Additionally, the connection between policy objectives and outcomes does not occur through singular instruments. Governments employ instrument mixes to achieve policy objectives (HOWLETT, 2019). These instrument mixes fulfill the policy objectives by inducing the actors’ behavior. For example, regulatory instruments induce compliance, while financial instruments induce incentives for the actors to achieve their objective. In the case of AI policy, instruments can engage actors – universities, industry, and research centers - to produce more technologies within specified regulatory standards and compliance.
There is a tendency to analyze instruments as singular objects. However, advances in the understanding of instruments in policy design lie in analyzing combinations of tools to achieve an objective. The analysis of instrument portfolios makes it possible to understand this combination in producing public policy outcomes (BALI; HOWLETT; RAMESH, 2021). Public policies have multiple objectives, multiple actors, and multiple institutions. This complexity means that the policy design involves not only the choice of a tool but also different sets of instruments that form portfolios and reflect different objectives and different instruments together (SCHAFFRIN; SEWERIN; SEUBERT, 2014).
In this research, we analyzed the sets of instruments used by the G20 countries to achieve AI policy objectives. The research problem is to understand what sets of instruments are necessary for outcomes of the AI policies implemented by the G20 countries. The results are measured in terms of patent publication by each G20 country. The postulate is that governments can design policies that induce actors to produce more AI technologies, registering them in the form of patents. To understand the instrument sets, we used data from the OECD's AI Policy Observatory.
4. Research design
This research analyzes policies for AI development based on the comparison of different policy instruments. The methodology is the configuration of policy instruments' to develop AI through Qualitative Comparative Analysis (QCA) (RAGIN, 2008). The QCA method allows assessing cases belonging to a data structure in certain sets, identifying the relationships present between certain sets, which describe theoretically defined phenomena. The QCA method also makes it possible to interpret the relationships between sets in terms of sufficiency and necessity properties (SCHNEIDER; WAGEMANN, 2010).

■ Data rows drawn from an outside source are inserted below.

text \<open>
  Every admissible \<open>R(x)\<close> is a damped sign vector of \<open>x\<close>, i.e. \<open>R\<^sub>i = sgn(x\<^sub>i) w\<^sub>i\<close>
  with \<open>0 \<le> w\<^sub>i \<le> 1\<close>, because for concave increasing \<open>p\<close> the superdifferential at
  \<open>t > 0\<close> lies in \<open>[0, p'(0+)]\<close>; and \<open>R(0) = 0\<close> is a damped sign vector of anything.
  Uniqueness of basis pursuit on \<open>T\<close> gives the null space property
  \<open>\<parallel>h\<^sub>T\<parallel>\<^sub>1 < \<parallel>h\<^sub>-\<^sub>T\<parallel>\<^sub>1\<close> for \<open>0 \<noteq> h \<in> ker A\<close>, and if \<open>R\<close> is a damped sign vector of \<open>x\<^sub>b\<close>
  the objective \<open>\<parallel>x\<parallel>\<^sub>1 - \<langle>R, x\<rangle>\<close> grows from \<open>x\<^sub>b\<close> to \<open>x\<^sub>b + h\<close> by at least
  \<open>\<parallel>h\<^sub>-\<^sub>T\<parallel>\<^sub>1 - \<parallel>h\<^sub>T\<parallel>\<^sub>1 > 0\<close>. So while the iterate is \<open>0\<close> or \<open>x\<^sub>b\<close>, the next one is \<open>x\<^sub>b\<close>.
\<close>

lemma concave_on_slope_le:
  fixes f :: "real \<Rightarrow> real"
  assumes f: "concave_on I f" and I: "x \<in> I" "y \<in> I" and t: "x < t" "t < y"
  shows "(f y - f t) / (y - t) \<le> (f y - f x) / (y - x)"
    and "(f y - f x) / (y - x) \<le> (f t - f x) / (t - x)"
proof -
  have "convex_on I (\<lambda>z. - f z)"
    using f by (simp add: concave_on_def)
  note slopes = convex_on_slope_le[OF this I t]
  have flip: "(- f a - - f b) / (a - b) = - ((f b - f a) / (b - a))" for a b
    by (metis minus_diff_eq minus_diff_minus minus_divide_right)
  show "(f y - f t) / (y - t) \<le> (f y - f x) / (y - x)"
    using slopes(2) unfolding flip by simp
  show "(f y - f x) / (y - x) \<le> (f t - f x) / (t - x)"
    using slopes(1) unfolding flip by simp
qed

The QCA method begins with documenting the different condition settings associated with each case of an observed outcome. The conditions are organized into sets that are compared with the set of outcomes to understand the conditions that are necessary and sufficient to produce the outcome of interest. The set configurations are then subjected to a minimization procedure that identifies the simplest set of conditions that can account for all observed outcomes, as well as their absence. The QCA method is qualitative and requires the deepening of its conclusions with the support of theories. In the case of this research, we investigated how the sets of policy instruments implemented in AI policies by the G20 countries are necessary and sufficient conditions to produce patents in AI.
In this research, we used data regarding the policy instruments employed by the G20 countries collected in the OECD AI Policy Observatory. The objective of this Observatory is to monitor the instruments and strategies adopted by OECD and G20 member countries for the development of AI.
4.1 Case selection
The article is based on a specific data set of the countries that make up the G20. The cases are Argentina, Australia, Brazil, Canada, China, France, Germany, India, Italy, Japan, the Netherlands, Mexico, South Korea, Russia, Saudi Arabia, South Africa, Spain, Turkey, the United Kingdom, and the United States, comprising the 20 largest economies in the world. These cases were selected for convenience, considering the aspect of being the largest economies globally and sharing common perspectives for AI policy.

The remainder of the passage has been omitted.